The Other Body, Flo ReynoldsMost of the jacket is pale pink, but a long red, ragged 'stain' runs along the right hand edge, as though the jacket has been soaked in blood. The title is centred in tiny black lower case print about one third of the way down, with the author's name in even smaller black italics below it. The illustrator's name is near to the foot of the jacket, centred in the same black italic font.

Illustrated by Phyllida Bluemel

Guillemot Press, 2021    £10.00

The nature of bodies

The white cat showed me the way in. Even though there had been pointers (the first poem is called ‘Hello Stranger’ and introduces the woods, beloved in folk and fairy tale, as a place to explore the self), it was hard to find the entrance. Was I scared? ‘Queer as trees is the self’ says the poet in ‘Hello Stranger’, and then goes forward to write herself into nature, into one of the selves of nature.

In ‘Assemblage’ the poet vows ‘I shall know thee through ghosts of other bodies’. These are natural, scientific bodies, but the reader feels (at times uncomfortably) as if it’s their own body, too. The ‘you’ of ‘Hello Stranger’ becomes the ‘stranger of clay and cloth’, attempting to love — to make love, to construct it and examine it — in the forest. Doing so, the poet draws the reader (‘you’) into her poetic ‘I’; acknowledges the reader as an other, necessary, body.
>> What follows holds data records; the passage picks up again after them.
(* Let $X$ be a compact metric space, $f\colon X\to X$ continuous, and $\varphi\in\mathcal{A}_f$. Suppose $\alpha\in\mathbb{R}$ is such that there exists $x\in X$ with $\lim_{n\to\infty}\frac1nS_n\varphi(x)=\alpha$. Then $P^*(q\varphi)\ge\alpha q$ for all $q\in\mathbb{R}$.
   Context: $S_n\varphi(x)=\sum_{k=0}^{n-1}\varphi(f^kx)$. $\mathcal{M}^f(X)$: $f$-invariant Borel probability measures; $P^*(\psi)=\sup_{\mu\in\mathcal{M}^f(X)}(h(\mu)+\int\psi\,d\mu)$ with $h$ the measure-theoretic entropy. $\mathcal{A}_f$: Borel measurable bounded $\varphi\colon X\to\mathbb{R}$ with $\mu(\overline{\mathcal{C}(\varphi)})=0$ for all $\mu\in\mathcal{M}^f(X)$, $\mathcal{C}(\varphi)$ the discontinuity set. *)

theory Defs
  imports "HOL-Probability.Probability"
begin

definition birkhoff_sum :: "('a \<Rightarrow> 'a) \<Rightarrow> ('a \<Rightarrow> real) \<Rightarrow> nat \<Rightarrow> 'a \<Rightarrow> real" where
  "birkhoff_sum f \<phi> n x = (\<Sum>k<n. \<phi> ((f ^^ k) x))"

definition invariant_measures :: "('a::metric_space \<Rightarrow> 'a) \<Rightarrow> 'a measure set" where
  "invariant_measures f =
     {M. sets M = sets borel \<and> prob_space M \<and> f \<in> measurable M M \<and> distr M M f = M}"

definition fin_partition :: "'a measure \<Rightarrow> 'a set set \<Rightarrow> bool" where
  "fin_partition M P \<longleftrightarrow> finite P \<and> P \<subseteq> sets M \<and> disjoint P \<and> \<Union>P = space M"

(* Shannon entropy of a partition, H(P) = - sum mu(A) log mu(A)  (ln 0 = 0 gives 0 log 0 = 0) *)
definition partition_entropy :: "'a measure \<Rightarrow> 'a set set \<Rightarrow> real" where
  "partition_entropy M P = - (\<Sum>A\<in>P. measure M A * ln (measure M A))"

definition iter_join :: "'a measure \<Rightarrow> ('a \<Rightarrow> 'a) \<Rightarrow> 'a set set \<Rightarrow> nat \<Rightarrow> 'a set set" where
  "iter_join M f P n =
     {(\<Inter>i\<in>{..<n}. (f ^^ i) -` g i) \<inter> space M | g. \<forall>i<n. g i \<in> P}"

definition entropy_partition :: "'a measure \<Rightarrow> ('a \<Rightarrow> 'a) \<Rightarrow> 'a set set \<Rightarrow> real" where
  "entropy_partition M f P =
     lim (\<lambda>n. partition_entropy M (iter_join M f P (Suc n)) / real (Suc n))"

definition ks_entropy :: "'a measure \<Rightarrow> ('a \<Rightarrow> 'a) \<Rightarrow> ereal" where
  "ks_entropy M f = (SUP P\<in>{P. fin_partition M P}. ereal (entropy_partition M f P))"

definition pressure_star :: "('a::metric_space \<Rightarrow> 'a) \<Rightarrow> ('a \<Rightarrow> real) \<Rightarrow> ereal" where
  "pressure_star f \<psi> =
     (SUP M\<in>invariant_measures f. ks_entropy M f + ereal (integral\<^sup>L M \<psi>))"

definition discont_set :: "('a::metric_space \<Rightarrow> real) \<Rightarrow> 'a set" where
  "discont_set \<phi> = {x. \<not> isCont \<phi> x}"

definition A_class :: "('a::metric_space \<Rightarrow> 'a) \<Rightarrow> ('a \<Rightarrow> real) set" where
  "A_class f = {\<phi>. \<phi> \<in> borel_measurable borel \<and> bounded (range \<phi>) \<and>
                   (\<forall>M\<in>invariant_measures f. measure M (closure (discont_set \<phi>)) = 0)}"

end

(*
  Along the orbit of x, the empirical measures (1/n) \<Sum>k<n. \<delta>(f^k x) have a weak-* limit point \<mu>
  along a subsequence. It is f-invariant, because the empirical means of g \<circ> f and g differ by at
  most 2 sup|g| / n. As \<phi> \<in> A_f, \<phi> is continuous off the closed \<mu>-null set closure C(\<phi>), so
  approximating \<phi> by continuous functions away from a small neighbourhood of that set shows
  that the empirical means of \<phi>, which tend to \<alpha>, also tend to \<integral>\<phi> d\<mu>. Hence
  h(\<mu>) + \<integral>q\<phi> d\<mu> \<ge> \<alpha>q, since h(\<mu>) \<ge> 0.

  Weak-* compactness is derived from Helly's selection theorem on the real line: X is coded
  injectively into the Cantor set by the ternary expansion of "x lies in the k-th ball" for a
  separating sequence of balls; the inverse of the code is uniformly continuous on its image and
  hence extends continuously to the closure (through the isometric Kuratowski embedding into
  bounded continuous functions, a complete space).
*)

theory Submission
  imports Defs
begin

section \<open>Cantor coding of compact metric spaces\<close>

definition cantor_code :: "(nat \<Rightarrow> bool) \<Rightarrow> real" where
  "cantor_code a = (\<Sum>k. 2 * of_bool (a k) / 3 ^ Suc k)"

lemma sums_two_thirds_tail: "(\<lambda>k. 2 / 3 ^ Suc (k + m)) sums (1 / 3 ^ m :: real)"
proof -
  have "(\<lambda>k. (2 / 3 ^ Suc m) * (1/3) ^ k) sums ((2 / 3 ^ Suc m) * (1 / (1 - 1/3)) :: real)"
    by (intro sums_mult geometric_sums) auto
  then show ?thesis
    by (simp add: power_add field_simps)
qed

lemma summable_cantor_digits:
  assumes "\<And>k. \<bar>d k\<bar> \<le> 1"
  shows "summable (\<lambda>k. 2 * d k / 3 ^ Suc k :: real)"
proof (rule summable_comparison_test)
  show "summable (\<lambda>k. 2 / 3 ^ Suc k :: real)"
    using sums_two_thirds_tail[of 0] by (simp add: sums_iff)
  show "\<exists>N. \<forall>k\<ge>N. norm (2 * d k / 3 ^ Suc k) \<le> 2 / 3 ^ Suc k"
    using assms by (auto simp: abs_mult divide_le_cancel)
qed

lemma summable_cantor_code: "summable (\<lambda>k. 2 * of_bool (a k) / 3 ^ Suc k :: real)"
  by (rule summable_cantor_digits) simp

lemma cantor_code_bounds: "cantor_code a \<in> {0..1}"
  unfolding atLeastAtMost_iff
proof
  show "0 \<le> cantor_code a"
    unfolding cantor_code_def by (intro suminf_nonneg summable_cantor_code) simp
  have ones: "(\<lambda>k. 2 / 3 ^ Suc k) sums (1::real)"
    using sums_two_thirds_tail[of 0] by simp
  have "cantor_code a \<le> (\<Sum>k. 2 / 3 ^ Suc k)"
    unfolding cantor_code_def using ones by (intro suminf_le summable_cantor_code) (auto simp: sums_iff)
  also have "\<dots> = 1"
    using ones by (simp add: sums_iff)
  finally show "cantor_code a \<le> 1" .
qed
(* Let $X$ be a locally convex topological space, and let $C_0(X)$ be the Banach space (with norm $\|f\|_{C_0(X)}=\max_{x\in X}|f(x)|$) of continuous $f:X\to\mathbb{R}$ such that $\{x\in X:|f(x)|>\varepsilon\}$ is compact for every $\varepsilon>0$. Let $\mathcal{M}(X)$ be the space of signed Borel measures on $X$ of bounded total variation, with total variation norm $\|\mu\|$. Let $K:X\times X\to\mathbb{R}$ satisfy $K(\cdot,x)\in C_0(X)$ for all $x\in X$ and $$\overline{\mathrm{span}}\{K(\cdot,x):x\in X\}=C_0(X)$$ (closure in $C_0(X)$). Define $$\mathcal{B}:=\Big\{f_\mu:=\int_X K(t,\cdot)\,d\mu(t):\ \mu\in\mathcal{M}(X)\Big\},\qquad \|f_\mu\|_{\mathcal{B}}:=\|\mu\|.$$ Then $\mathcal{B}$ is a pre-RKBS on $X$; that is, $\|\cdot\|_{\mathcal B}$ is well defined and $\mathcal{B}$ is a Banach space of functions on $X$ on which all point evaluation functionals are continuous, and for $f\in\mathcal{B}$, $\|f\|_{\mathcal B}=0$ if and only if $f$ vanishes everywhere on $X$.
   Context: Standing assumptions of the paper for this setting: the dual of $C_0(X)$ is identified isometrically with $\mathcal{M}(X)$ via $T(f)=\int_X f\,d\mu$ with operator norm equal to $\|\mu\|$; and for all pairwise distinct $x_1,\dots,x_m\in X$ the matrix $K[{\bf x}]$ with entries $(K[{\bf x}])_{j,k}=K(x_k,x_j)$ is nonsingular. *)

theory Defs
  imports "HOL-Analysis.Analysis"
begin

definition C0 :: "('a::topological_space \<Rightarrow> real) set" where
  "C0 = {f. continuous_on UNIV f \<and> (\<forall>\<epsilon>>0. compact {x. \<bar>f x\<bar> > \<epsilon>})}"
The white cat observes everything. The white cat encounters ‘intimacy / up there / under the skirt of god’ (‘Assemblage’) which echoes this divinity and casts ‘god’ as a (female?) body in skirts. ‘Chaos marks the white cat’s wake’, the poet asserts, and shapelessness echoes in the lack of page numbers here, in the lack of conventional punctuation, in the beautiful art of decay.

I finally understood that these poems reveal love, divine and personal, when I read

the white cat saunters through the garden of mother julian
the parasites of the white cat saunter through the body of the white cat
[…]
the world’s taste is of white hot ash
     [‘Assemblage’]

It is also bloody, as acknowledged in part ii of ‘The Other Body’, with its fruiting body and ‘scarlet elf cup’ strongly implying the moon cup of menstruation, that witness of fruitfulness.

When at last (in ‘The Other Body’) the poet begins to write, she ‘waver[s] into composition / am in ribbons // thread this body / another bead’. In this way, she writes her self into the physical, casts bodies as dewdrops on spiderwebs.

But in one respect she lies. She never wavers.

This is an assured, knowledgeable body of work.